Really it comes from Jewish theology. The Jewish theology that comes from as far back as 1400 BC, before the Persian and Greeks influence.
As I said Ehrman was a born again evangelical fundamentalist. He absolutely did not have any bias. He bought fully into it. He isn't the only historical scholar either. Dr Josh Bowden is another who was a fundamentalist.
Are you saying that these people agree with Carrier?
No, there is an alternative, it's just absurd. Savior demigods, virgin born who were there to provide salvation to baptized members in the form of eternal life through a passion/sacrifice (and all other copied myths) were happening as a result of the popularity of Greek and Persian theology and THEN, a run of the mill typical national God, Yahweh, who reads just like all Gods going back to Sumer (and liked to use Mesopotamian, Egyptian and Babylonian myths) decides to for real have a son do the dying/rising in 3 days thing. But this one time it's real.
This has nothing to do with naturalistic methodology, it's just clearly another myth..
So any historian who disagrees is biased I suppose.
You make glib statements about saviour demigods, virgin births, baptism and eternal life etc as if these things were the norm. The reality is that the lies that used to be told about demigods and the Jesus story being copied from them have been debunked many years ago and now exactly the same things are being taught by Carrier etc. and it is not because the virgin births, salvation etc has been now shown to be correct, it is because the interpretation by Carrier has expanded to make any little vague similarity into part of a theme. Easy, just have a naturalistic presupposition and say the OT was written late in the OT period and that plagiarisation from other religions is just a fact and deny the Jewishness of the gospel story, and use vague similarities in some other religions as themes , and discrediting the Bible. Discrediting is easy, just make up stuff and throw it and it sticks for those who want to believe it.
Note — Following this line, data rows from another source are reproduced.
lemma pell_poly_pell_mult:
  "cong_ideal (of_int N) [:-D, 0, 1:] (pell_poly (pell_mult N D a b)) (pell_poly a * pell_poly b)"
proof -
  obtain x y u v where ab: "a = (x, y)" "b = (u, v)"
    by fastforce
  have "cong_ideal (of_int N) [:-D, 0, 1:] (pell_poly (pell_mult N D a b))
          [:x * u + y * v * D, y * u + x * v:]"
    unfolding ab pell_mult_def pell_poly_def by (rule cong_ideal_linear_poly) simp_all
  also have "cong_ideal (of_int N) [:-D, 0, 1:] \<dots> (pell_poly a * pell_poly b)"
  proof -
    have prod_eq: "pell_poly a * pell_poly b
        = [:x * u + y * v * D, y * u + x * v:] + [:-D, 0, 1:] * [:y * v:]"
      unfolding ab pell_poly_def by (simp add: algebra_simps)
    show ?thesis
      unfolding prod_eq by (rule cong_ideal_sym[OF cong_ideal_add_generator_right])
  qed
  finally show ?thesis .
qed

lemma pell_poly_pell_pow:
  "cong_ideal (of_int N) [:-D, 0, 1:] (pell_poly (pell_pow N D a n)) (pell_poly a ^ n)"
proof (induction n)
  case 0
  have "cong_ideal (of_int N) [:-D, 0, 1:] [:1 mod N, 0:] [:1, 0:]"
    by (rule cong_ideal_linear_poly) simp_all
  then show ?case
    by (simp add: pell_poly_def one_pCons)
next
  case (Suc n)
  have "cong_ideal (of_int N) [:-D, 0, 1:] (pell_poly (pell_pow N D a (Suc n)))
          (pell_poly a * pell_poly (pell_pow N D a n))"
    using pell_poly_pell_mult by simp
  also have "cong_ideal (of_int N) [:-D, 0, 1:] \<dots> (pell_poly a * pell_poly a ^ n)"
    using Suc.IH by (rule cong_ideal_mult_left)
  finally show ?case by simp
qed

lemma pell_pow_eq_unit:
  assumes "N > 1" "n > 0"
    and "[fst (pell_pow N D a n) = 1] (mod N)" "[snd (pell_pow N D a n) = 0] (mod N)"
  shows "pell_pow N D a n = (1, 0)"
proof -
  obtain n' where "n = Suc n'"
    using assms(2) gr0_implies_Suc by blast
  then have "fst (pell_pow N D a n) mod N = fst (pell_pow N D a n)"
    "snd (pell_pow N D a n) mod N = snd (pell_pow N D a n)"
    by (simp_all add: pell_mult_def)
  with assms(1,3,4) have "fst (pell_pow N D a n) = 1" "snd (pell_pow N D a n) = 0"
    by (simp_all add: cong_def)
  then show ?thesis
    by (simp add: prod_eq_iff)
qed

lemma pell_poly_frobenius:
  fixes x y D :: int
  assumes "prime p" "odd p" "[D ^ ((p - 1) div 2) = -1] (mod int p)"
  shows "cong_ideal (of_nat p) [:-D, 0, 1:] ([:x, y:] ^ p) [:x, -y:]"
proof -
  define t :: "int poly" where "t = [:0, 1:]"
  define m where "m = (p - 1) div 2"
  have p_eq: "p = 2 * m + 1"
    using assms(2) unfolding m_def by presburger
  have split: "[:x, y:] = [:x:] + [:y:] * t"
    by (simp add: t_def)
  have "cong_ideal (of_nat p) [:-D, 0, 1:] ([:x, y:] ^ p) ([:x:] ^ p + ([:y:] * t) ^ p)"
    unfolding split by (rule cong_ideal_binomial_prime[OF assms(1)])
  also have "([:y:] * t) ^ p = [:y ^ p:] * (t ^ 2) ^ m * t"
  proof -
    have "t ^ p = (t ^ 2) ^ m * t"
      unfolding p_eq by (simp add: power_add power_mult)
    then show ?thesis
      by (simp only: power_mult_distrib poly_const_pow mult.assoc)
  qed
  also have "cong_ideal (of_nat p) [:-D, 0, 1:] ([:x:] ^ p + [:y ^ p:] * (t ^ 2) ^ m * t)
               ([:x:] ^ p + [:y ^ p:] * [:D:] ^ m * t)"
  proof -
    have "t ^ 2 = [:D:] + [:-D, 0, 1:] * 1"
      by (simp add: t_def power2_eq_square)
    then have "cong_ideal (of_nat p) [:-D, 0, 1:] (t ^ 2) [:D:]"
      by (simp only: cong_ideal_add_generator_right)
    then show ?thesis
      by (intro cong_ideal_add cong_ideal_mult cong_ideal_pow cong_ideal_refl)
  qed
  also have "[:x:] ^ p + [:y ^ p:] * [:D:] ^ m * t = [:x ^ p, y ^ p * D ^ m:]"
    by (simp add: t_def poly_const_pow)
  also have "cong_ideal (of_nat p) [:-D, 0, 1:] \<dots> [:x, -y:]"
  proof -
    have "[y ^ p * D ^ m = y * -1] (mod int p)"
      using int_pow_prime_cong[OF assms(1)] assms(3) unfolding m_def by (intro cong_mult)
    then show ?thesis
      using cong_ideal_linear_poly[OF int_pow_prime_cong[OF assms(1)], of "y ^ p * D ^ m" "-y"]
      by simp
  qed
  finally show ?thesis .
qed

lemma pell_poly_pow_Suc_prime:
  fixes x y D :: int
  assumes "prime p" "odd p" "[D ^ ((p - 1) div 2) = -1] (mod int p)"
  shows "cong_ideal (of_nat p) [:-D, 0, 1:] ([:x, y:] ^ (p + 1)) [:x\<^sup>2 - D * y\<^sup>2:]"
proof -
  have "cong_ideal (of_nat p) [:-D, 0, 1:] ([:x, y:] ^ p * [:x, y:]) ([:x, -y:] * [:x, y:])"
    using pell_poly_frobenius[OF assms] by (rule cong_ideal_mult[OF _ cong_ideal_refl])
  also have "[:x, -y:] * [:x, y:] = [:x\<^sup>2 - D * y\<^sup>2:] + [:-D, 0, 1:] * [:- (y\<^sup>2):]"
    by (simp add: power2_eq_square algebra_simps)
  also have "cong_ideal (of_nat p) [:-D, 0, 1:] \<dots> [:x\<^sup>2 - D * y\<^sup>2:]"
    by (rule cong_ideal_add_generator_right)
  finally show ?thesis by simp
qed

lemma pell_poly_pow_prime_power:
  fixes x y D :: int
  assumes "prime p" "odd p" "[D ^ ((p - 1) div 2) = -1] (mod int p)"
    and "[x\<^sup>2 - D * y\<^sup>2 = 1] (mod int p)" "r \<ge> 1"
  shows "cong_ideal (of_nat p ^ r) [:-D, 0, 1:] ([:x, y:] ^ (p ^ (r - 1) * (p + 1))) 1"
proof -
  have "cong_ideal (of_nat p) [:-D, 0, 1:] ([:x, y:] ^ (p + 1)) [:x\<^sup>2 - D * y\<^sup>2:]"
    by (rule pell_poly_pow_Suc_prime[OF assms(1-3)])
  also have "cong_ideal (of_nat p) [:-D, 0, 1:] \<dots> [:1:]"
    using cong_ideal_linear_poly[OF assms(4) cong_refl[of 0], where P = "[:-D, 0, 1:]"] by simp
  finally have "cong_ideal (of_nat p ^ Suc (r - 1)) [:-D, 0, 1:] (([:x, y:] ^ (p + 1)) ^ p ^ (r - 1)) 1"
    by (intro cong_ideal_pow_prime_power_lift) (simp add: one_pCons)
  moreover have "Suc (r - 1) = r"
    using assms(5) by simp
  moreover have "([:x, y:] ^ (p + 1)) ^ p ^ (r - 1) = [:x, y:] ^ (p ^ (r - 1) * (p + 1))"
    by (metis power_mult mult.commute)
  ultimately show ?thesis
    by (simp only:)
qed

lemma pell_poly_pow_two_prime_powers:
  fixes x y D :: int
  assumes "prime p" "prime q" "p \<noteq> q" "r \<ge> 1" "s \<ge> 1"
    and "\<not> QuadRes (int p) D" "\<not> QuadRes (int q) D"
    and "[x\<^sup>2 - D * y\<^sup>2 = 1] (mod int (p ^ r * q ^ s))"
  shows "cong_ideal (of_int (int (p ^ r * q ^ s))) [:-D, 0, 1:]
           ([:x, y:] ^ (p ^ (r - 1) * (p + 1) * q ^ (s - 1) * (q + 1))) 1"
proof -
  let ?Q = "[:-D, 0, 1:]"
  define e_p where "e_p = p ^ (r - 1) * (p + 1)"
  define e_q where "e_q = q ^ (s - 1) * (q + 1)"
  have "[x\<^sup>2 - D * y\<^sup>2 = 1] (mod int p)" "[x\<^sup>2 - D * y\<^sup>2 = 1] (mod int q)"
    using assms(4,5,8) by (auto elim!: cong_dvd_modulus simp: dvd_power dvd_mult dvd_mult2)
  then have "cong_ideal (of_nat p ^ r) ?Q ([:x, y:] ^ e_p) 1"
    "cong_ideal (of_nat q ^ s) ?Q ([:x, y:] ^ e_q) 1"
    unfolding e_p_def e_q_def
    using pell_poly_pow_prime_power[OF assms(1) nonresidue_euler_criterion[OF assms(1,6)]]
      pell_poly_pow_prime_power[OF assms(2) nonresidue_euler_criterion[OF assms(2,7)]]
      assms(4,5)
    by blast+
  then have "cong_ideal (of_nat p ^ r) ?Q (([:x, y:] ^ e_p) ^ e_q) 1"
    "cong_ideal (of_nat q ^ s) ?Q (([:x, y:] ^ e_q) ^ e_p) 1"
    using cong_ideal_pow by fastforce+
  moreover have "([:x, y:] ^ e_q) ^ e_p = ([:x, y:] ^ e_p) ^ e_q"
    by (metis power_mult mult.commute)
  moreover have "coprime (int p ^ r) (int q ^ s)"
    using primes_coprime[OF assms(1-3)] by simp
  ultimately have "cong_ideal (of_int (int p ^ r * int q ^ s)) ?Q (([:x, y:] ^ e_p) ^ e_q) 1"
    by (intro cong_ideal_of_int_mult_coprime) simp_all
  moreover have "([:x, y:] ^ e_p) ^ e_q = [:x, y:] ^ (p ^ (r - 1) * (p + 1) * q ^ (s - 1) * (q + 1))"
    unfolding e_p_def e_q_def by (simp only: power_mult[symmetric] mult.assoc)
  moreover have "int (p ^ r * q ^ s) = int p ^ r * int q ^ s"
    by simp
  ultimately show ?thesis
    by (simp only:)
qed

theorem mainTheorem2:
  fixes p q r s :: nat and N D :: int
  assumes "prime p" and "prime q" and "p \<noteq> q"
    and "r \<ge> 1" and "s \<ge> 1"
    and "N = int (p ^ r * q ^ s)"
    and "D \<in> ZN_units N"
    and "\<not> QuadRes (int p) (D mod int p)"
    and "\<not> QuadRes (int q) (D mod int q)"
  shows "\<forall>xy \<in> pell_conic N D.
           pell_pow N D xy (p ^ (r - 1) * (p + 1) * q ^ (s - 1) * (q + 1)) = (1, 0)"
proof
  let ?n = "p ^ (r - 1) * (p + 1) * q ^ (s - 1) * (q + 1)"
  fix a assume "a \<in> pell_conic N D"
  then obtain x y where "a = (x, y)" and "[x\<^sup>2 - D * y\<^sup>2 = 1] (mod N)"
    unfolding pell_conic_def cong_def by auto
  moreover have "\<not> QuadRes (int p) D" "\<not> QuadRes (int q) D"
    using assms(8,9) by (simp_all add: QuadRes_def)
  ultimately have "cong_ideal (of_int N) [:-D, 0, 1:] (pell_poly a ^ ?n) 1"
    using pell_poly_pow_two_prime_powers[OF assms(1-5)] assms(6) by (simp add: pell_poly_def)
  then have "cong_ideal (of_int N) [:-D, 0, 1:] (pell_poly (pell_pow N D a ?n)) 1"
    by (rule cong_ideal_trans[OF pell_poly_pell_pow])
  then have "[fst (pell_pow N D a ?n) = 1] (mod N)" "[snd (pell_pow N D a ?n) = 0] (mod N)"
    using cong_ideal_linear_poly_imp_cong[where b = 1 and d = 0]
    by (simp_all add: pell_poly_def one_pCons)
  moreover have "N > 1"
    using assms(4-6) prime_gt_1_nat[OF assms(1)] prime_gt_1_nat[OF assms(2)]
    by (simp add: less_1_mult one_less_power)
  moreover have "?n > 0"
    using prime_gt_0_nat[OF assms(1)] prime_gt_0_nat[OF assms(2)] by simp
  ultimately show "pell_pow N D a ?n = (1, 0)"
    by (intro pell_pow_eq_unit)
qed

end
And during the entire 2nd century Christians were at least 50% Gnostic until Rome decided on a theology in the late 3rd century?
Rome did not decide on Christian theology. The Christian Church that dated back to the apostles and their writings was not the gnostic groups and that can be seen in the New Testament epistle and the Gospels.
Islam and Hinduism make all the same arguments you make. Yet they are wrong by your beliefs. Which demonstrates a flawed methodology.
Pointing out the flawed methodology in what claims to be history is flawed methodology?